Les troubles psychologiques dont souffrent les migrants ne se limitent pas à des traumatismes contractés au cours de leur voyage migratoire. En effet, le départ de leurs pays d’origine et l’adaptation pays d’accueil se révèle bien souvent être une épreuve difficile pour les harragas, quand bien même leur migration aurait été volontaire et se serait déroulée sans encombre.

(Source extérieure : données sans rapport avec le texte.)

lemma card_less_nth_sorted_list_of_set:
  fixes A :: "nat set"
  assumes "finite A" "t < card A"
  shows "card {i \<in> A. i < sorted_list_of_set A ! t} = t"
proof -
  let ?s = "sorted_list_of_set A"
  have sorted: "sorted_wrt (<) ?s" and len: "length ?s = card A" and set: "set ?s = A"
    using assms(1) by simp_all
  have "{i \<in> A. i < ?s ! t} = set (take t ?s)"
  proof (intro set_eqI iffI)
    fix x assume "x \<in> {i \<in> A. i < ?s ! t}"
    then obtain l where l: "l < length ?s" "x = ?s ! l" "?s ! l < ?s ! t"
      by (metis (mono_tags, lifting) in_set_conv_nth mem_Collect_eq set)
    then have "l < t"
      using sorted_wrt_nth_less[OF sorted, of t l] assms(2) len by (cases "t = l") force+
    then show "x \<in> set (take t ?s)" using l by (auto simp: in_set_conv_nth)
  next
    fix x assume "x \<in> set (take t ?s)"
    then obtain l where "l < t" "x = ?s ! l"
      using assms(2) len by (auto simp: in_set_conv_nth)
    then show "x \<in> {i \<in> A. i < ?s ! t}"
      using sorted_wrt_nth_less[OF sorted, of l t] assms(2) len set nth_mem[of l ?s] by auto
  qed
  moreover have "card (set (take t ?s)) = t"
    using assms(2) len by (simp add: distinct_card)
  ultimately show ?thesis by simp
qed

lemma nth_sorted_list_of_set_card_less:
  fixes A :: "nat set"
  assumes "finite A" "j \<in> A"
  shows "sorted_list_of_set A ! card {i \<in> A. i < j} = j"
proof -
  obtain t where "t < length (sorted_list_of_set A)" "sorted_list_of_set A ! t = j"
    using assms by (metis in_set_conv_nth set_sorted_list_of_set)
  with card_less_nth_sorted_list_of_set[OF assms(1), of t] show ?thesis by simp
qed

lemma nth_sorted_list_of_set_less:
  fixes A :: "nat set"
  assumes "finite A" "t < card {i \<in> A. i < j}"
  shows "sorted_list_of_set A ! t < j"
proof (rule ccontr)
  have "card {i \<in> A. i < j} \<le> card A"
    using assms(1) by (intro card_mono) auto
  then have t: "t < card A" using assms(2) by simp
  assume "\<not> sorted_list_of_set A ! t < j"
  then have "card {i \<in> A. i < j} \<le> card {i \<in> A. i < sorted_list_of_set A ! t}"
    using assms(1) by (intro card_mono) auto
  then show False
    using card_less_nth_sorted_list_of_set[OF assms(1) t] assms(2) by simp
qed
lemma attains_max_if_negative_outside:
  fixes f :: "'a::topological_space \<Rightarrow> real"
  assumes "compact C" and "continuous_on C f" and "x0 \<in> C" and "0 \<le> f x0"
    and "\<And>y. y \<in> D \<Longrightarrow> y \<notin> C \<Longrightarrow> f y < 0"
  obtains q where "q \<in> C" and "\<And>y. y \<in> C \<union> D \<Longrightarrow> f y \<le> f q"
proof -
  obtain q where "q \<in> C" and q: "\<And>y. y \<in> C \<Longrightarrow> f y \<le> f q"
    using continuous_attains_sup[OF assms(1) _ assms(2)] assms(3) by auto
  moreover have "f y \<le> f q" if "y \<in> D" "y \<notin> C" for y
    using assms(5)[OF that] q[OF assms(3)] assms(4) by linarith
  ultimately show ?thesis
    using that by blast
qed

definition truncated_domain :: "real \<Rightarrow> real \<Rightarrow> real \<Rightarrow> (real \<times> real \<times> real) set" where
  "truncated_domain T m s = {1/m..m} \<times> {1/m..m} \<times> {s..T}"

lemma truncated_domain_subset: "0 < m \<Longrightarrow> 0 \<le> s \<Longrightarrow> truncated_domain T m s \<subseteq> dom_closed T"
  by (auto simp: truncated_domain_def dom_closed_def intro: less_le_trans[of 0 "1/m"])

lemma compact_truncated_domain: "compact (truncated_domain T m s)"
  by (simp add: truncated_domain_def compact_Times)

lemma penalized_negative_outside_truncated_domain:
  assumes "0 \<le> lam" and "0 \<le> eps" and "0 < eta" and "0 < m" and "0 < s"
    and large: "\<And>x. x \<in> dom_closed T \<Longrightarrow> m\<^sup>2 \<le> weight x \<Longrightarrow> \<bar>w x\<bar> \<le> eps * weight x"
    and early: "\<And>x. x \<in> truncated_domain T m 0 \<Longrightarrow> w x < eta / s"
    and y: "y \<in> dom_open T" "y \<notin> truncated_domain T m s"
  shows "w y - penalty T lam eps eta y < 0"
proof -
  obtain S H t where ye: "y = (S, H, t)" "0 < S" "0 < H" "0 < t" "t < T"
    using y(1) by (auto simp: dom_open_def)
  have pen: "eps * weight y + eta / t \<le> penalty T lam eps eta y"
    using penalty_lower_bound[of S t T lam eps H eta] ye assms by simp
  have "0 < eta / t" and "0 \<le> eps * weight y"
    using ye weight_pos[of S H t] assms by simp_all
  show ?thesis
  proof (cases "m\<^sup>2 \<le> weight y")
    case True
    then have "\<bar>w y\<bar> \<le> eps * weight y"
      using large y(1) ye by (auto simp: dom_closed_def dom_open_def)
    with pen \<open>0 < eta / t\<close> show ?thesis
      by linarith
  next
    case False
    then have "S \<in> {1/m..m}" and "H \<in> {1/m..m}"
      using weight_le_sq_imp_bounds[of S H m t] ye \<open>0 < m\<close> by auto
    with y(2) ye have "t < s" and "y \<in> truncated_domain T m 0"
      by (auto simp: truncated_domain_def)
    then have "w y < eta / s" and "eta / s \<le> eta / t"
      using early ye \<open>0 < eta\<close> by (auto intro: divide_left_mono)
    with pen \<open>0 \<le> eps * weight y\<close> show ?thesis
      by linarith
  qed
qed
lemma regular_Gamma_unit_form:
  assumes "regular_Gamma f" "regular_Gamma h" "\<And>t. t \<in> Gamma \<Longrightarrow> f t * h t = 1"
  shows "\<exists>c i j a b. c \<noteq> 0 \<and> (\<forall>t\<in>Gamma. f t = c * t ^ i * (t - 1) ^ j / (t ^ a * (t - 1) ^ b))"
proof -
  obtain p a b where f: "\<forall>t\<in>Gamma. f t = poly p t / (t ^ a * (t - 1) ^ b)"
    using assms(1) unfolding regular_Gamma_def by blast
  obtain q c d where h: "\<forall>t\<in>Gamma. h t = poly q t / (t ^ c * (t - 1) ^ d)"
    using assms(2) unfolding regular_Gamma_def by blast
  let ?m = "[:0,1:]^(a+c) * [:-1,1:]^(b+d) :: complex poly"
  have "poly (p * q - ?m) t = 0" if t: "t \<in> Gamma" for t
  proof -
    have "t \<noteq> 0" "t - 1 \<noteq> 0" using t by (auto simp: in_Gamma_iff)
    hence "poly p t * poly q t = t ^ (a + c) * (t - 1) ^ (b + d)"
      using assms(3)[OF t] f h t by (simp add: field_simps power_add)
    thus ?thesis by (simp add: poly_power)
  qed
  hence "p * q - ?m = 0" by (rule poly_eq_0_on_Gamma_imp_eq_0)
  hence pq: "p * q = ?m" by simp
  have p0: "p \<noteq> 0" using pq by auto
  have "\<And>z. poly p z = 0 \<Longrightarrow> z = 0 \<or> z = 1"
  proof -
    fix z assume "poly p z = 0"
    hence "poly ?m z = 0" by (metis pq mult_zero_left poly_mult)
    thus "z = 0 \<or> z = 1" by (auto simp: poly_power)
  qed
  from poly_roots_01_imp_monomials[OF p0 this] obtain k i j
    where "k \<noteq> 0" "\<forall>t. poly p t = k * t ^ i * (t - 1) ^ j" by blast
  thus ?thesis using f by metis
qed

lemma regular_Gamma_divided_difference:
  assumes "regular_Gamma f" "t0 \<in> Gamma"
  shows "\<exists>b. regular_Gamma b \<and> (\<forall>t\<in>Gamma. f t - f t0 = (t - t0) * b t)"
proof -
  obtain p a b where f: "\<forall>t\<in>Gamma. f t = poly p t / (t ^ a * (t - 1) ^ b)"
    using assms(1) unfolding regular_Gamma_def by blast
  have t0: "t0 \<noteq> 0" "t0 - 1 \<noteq> 0" using assms(2) by (auto simp: in_Gamma_iff)
  define K where "K = t0 ^ a * (t0 - 1) ^ b"
  have K0: "K \<noteq> 0" using t0 unfolding K_def by simp
  define N where "N = smult K p - smult (poly p t0) ([:0,1:]^a * [:-1,1:]^b)"
  have "poly N t0 = 0" unfolding N_def K_def by (simp add: poly_power)
  then obtain N1 where N1: "N = [:-t0,1:] * N1" using poly_eq_0_iff_dvd by (metis dvdE)
  define bb where "bb t = poly (smult (1/K) N1) t / (t ^ a * (t - 1) ^ b)" for t
  have "regular_Gamma bb" unfolding bb_def by (rule regular_GammaI[of _ "smult (1/K) N1" a b]) simp
  moreover have "\<forall>t\<in>Gamma. f t - f t0 = (t - t0) * bb t"
  proof
    fix t assume t: "t \<in> Gamma"
    hence nz: "t \<noteq> 0" "t - 1 \<noteq> 0" by (auto simp: in_Gamma_iff)
    have "poly N t = (t - t0) * poly N1 t" unfolding N1 by (simp add: algebra_simps)
    hence e: "K * poly p t - poly p t0 * (t ^ a * (t - 1) ^ b) = (t - t0) * poly N1 t"
      unfolding N_def by (simp add: poly_power)
    have "f t - f t0 = (K * poly p t - poly p t0 * (t ^ a * (t - 1) ^ b)) / (K * (t ^ a * (t - 1) ^ b))"
      using f t assms(2) nz K0 unfolding K_def by (simp add: field_simps)
    also have "\<dots> = (t - t0) * bb t" unfolding e bb_def using K0 nz by (simp add: field_simps)
    finally show "f t - f t0 = (t - t0) * bb t" .
  qed
  ultimately show ?thesis by blast
qed

lemma regular_Gamma_proportional_imp_unit:
  assumes "regular_Gamma u1" "regular_Gamma u2" "regular_Gamma v1" "regular_Gamma v2"
    and "\<And>t. t \<in> Gamma \<Longrightarrow> u1 t \<noteq> 0 \<or> u2 t \<noteq> 0"
    and "\<And>t. t \<in> Gamma \<Longrightarrow> v1 t \<noteq> 0 \<or> v2 t \<noteq> 0"
    and v: "\<And>t. t \<in> Gamma \<Longrightarrow> v1 t = \<alpha> t * u1 t \<and> v2 t = \<alpha> t * u2 t"
  shows "\<exists>c i j a b. c \<noteq> 0 \<and> (\<forall>t\<in>Gamma. \<alpha> t = c * t ^ i * (t - 1) ^ j / (t ^ a * (t - 1) ^ b))"
proof -
  obtain w1 w2 where w: "regular_Gamma w1" "regular_Gamma w2" "\<forall>t\<in>Gamma. w1 t * u1 t + w2 t * u2 t = 1"
    using regular_Gamma_partition_of_unity[OF assms(1,2,5)] by blast
  obtain z1 z2 where z: "regular_Gamma z1" "regular_Gamma z2" "\<forall>t\<in>Gamma. z1 t * v1 t + z2 t * v2 t = 1"
    using regular_Gamma_partition_of_unity[OF assms(3,4,6)] by blast
  have "w1 t * v1 t + w2 t * v2 t = \<alpha> t * (w1 t * u1 t + w2 t * u2 t)" if "t \<in> Gamma" for t
    using v[OF that] by (simp add: algebra_simps)
  hence "w1 t * v1 t + w2 t * v2 t = \<alpha> t" if "t \<in> Gamma" for t
    using w(3) that by simp
  moreover have "regular_Gamma (\<lambda>t. w1 t * v1 t + w2 t * v2 t)"
    by (intro regular_Gamma_add regular_Gamma_mult w(1,2) assms(3,4))
  ultimately have "regular_Gamma \<alpha>" using regular_Gamma_cong by blast
  moreover have "regular_Gamma (\<lambda>t. z1 t * u1 t + z2 t * u2 t)"
    by (intro regular_Gamma_add regular_Gamma_mult z assms(1,2))
  moreover have "\<alpha> t * (z1 t * u1 t + z2 t * u2 t) = z1 t * v1 t + z2 t * v2 t" if "t \<in> Gamma" for t
    using v[OF that] by (simp add: algebra_simps)
  hence "\<alpha> t * (z1 t * u1 t + z2 t * u2 t) = 1" if "t \<in> Gamma" for t
    using z(3) that by simp
  ultimately show ?thesis by (rule regular_Gamma_unit_form)
qed

section \<open>The automorphism \<open>t \<mapsto> 1 / (1 - t)\<close> of \<open>\<Gamma>\<close>\<close>

definition gamma_rot :: "complex \<Rightarrow> complex" where
  "gamma_rot t = 1 / (1 - t)"

lemma gamma_rot_in_Gamma: "t \<in> Gamma \<Longrightarrow> gamma_rot t \<in> Gamma"
  by (auto simp: gamma_rot_def in_Gamma_iff)

lemma gamma_rot_inverse: "t \<in> Gamma \<Longrightarrow> 1 - 1 / t \<in> Gamma \<and> gamma_rot (1 - 1 / t) = t"
  by (auto simp: gamma_rot_def in_Gamma_iff field_simps)

lemma gamma_rot_has_field_derivative:
  "t \<in> Gamma \<Longrightarrow> (gamma_rot has_field_derivative 1 / (1 - t)\<^sup>2) (at t)"
  unfolding gamma_rot_def in_Gamma_iff
  by (auto intro!: derivative_eq_intros simp: power2_eq_square field_simps)

lemma gamma_rot_in_Aut_Gamma: "gamma_rot \<in> Aut_Gamma"
proof -
  have "morphism_Gamma gamma_rot"
    unfolding morphism_Gamma_def
    by (auto simp: gamma_rot_in_Gamma gamma_rot_def in_Gamma_iff field_simps
        intro!: regular_GammaI[of _ "[:-1:]" 0 1])
  moreover have "morphism_Gamma (\<lambda>t. 1 - 1 / t)"
    unfolding morphism_Gamma_def
    by (auto simp: gamma_rot_inverse in_Gamma_iff field_simps
        intro!: regular_GammaI[of _ "[:-1, 1:]" 1 0])
  moreover have "1 - 1 / gamma_rot t = t" if "t \<in> Gamma" for t
    using that by (auto simp: gamma_rot_def in_Gamma_iff field_simps)
  ultimately show ?thesis
    unfolding Aut_Gamma_def using gamma_rot_inverse by blast
qed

Désormais confrontés à une nouvelle culture, les migrants développent de nouvelles formes d’appartenances, qu’ils sont pourtant dans l’incapacité d’unir de manière harmonieuse avec leurs précédentes appartenances développées dans leurs pays d’origine. Dans son ouvrages Les Identités meurtrières (1998), l’écrivain franco-libanais Amin Maalouf explique que l’identité des individus se voit aujourd’hui réduite à une seule et unique appartenance, du fait de la conception très répandue selon laquelle « il y aurait au fond de chacun une seule appartenance qui compte, une vérité profonde, [...] déterminée à la naissance et qui ne une changera plus. »Cette conception de l’identité est source de tiraillement pour le migrant, qui est forcé de choisir entre ses deux pays et ses différentes appartenances.

Il est ainsi particulièrement difficile pour le migrant de s’intégrer pleinement dans son pays d’accueil.

C’est ce malaise identitaire propre au migrant que met en lumière l’artiste algérienne Zineb Sedira dans sa vidéo Middle Sea (2008).

On y voit un homme errer dans un ferry reliant les villes d’Alger et de Marseille. Il apparait impassible, comme plongé dans ses pensées. A plusieurs reprises, il s’adosse à la rambarde sur le pont du bateau et contemple l’horizon pendant plusieurs secondes avant de reprendre ses allers et venues.

Le choix de tourner la vidéo sur un bateau au milieu de la mer est fortement symbolique. L’embarcation est en effet entre deux pays, deux mondes, à l’image des migrants, condamnés à un perpétuel entre- deux entre leurs pays d’origine et d’accueil.  Seul, sur un bateau au milieu de la mer, l’homme de la vidéo apparait totalement déraciné. On retrouve cette même symbolique du bateau dans le documentaire La Traversée d’Elisabeth Leuvey (2013). Durant vingt voyages entre Marseille et Alger, effectués sur le même ferry que filme Zineb Sedira dans Middle Sea, la réalisatrice de La traversée filme et interroge des passagers tentant d’unir, aussi bien géographiquement que spirituellement, leurs appartenances française et algérienne. 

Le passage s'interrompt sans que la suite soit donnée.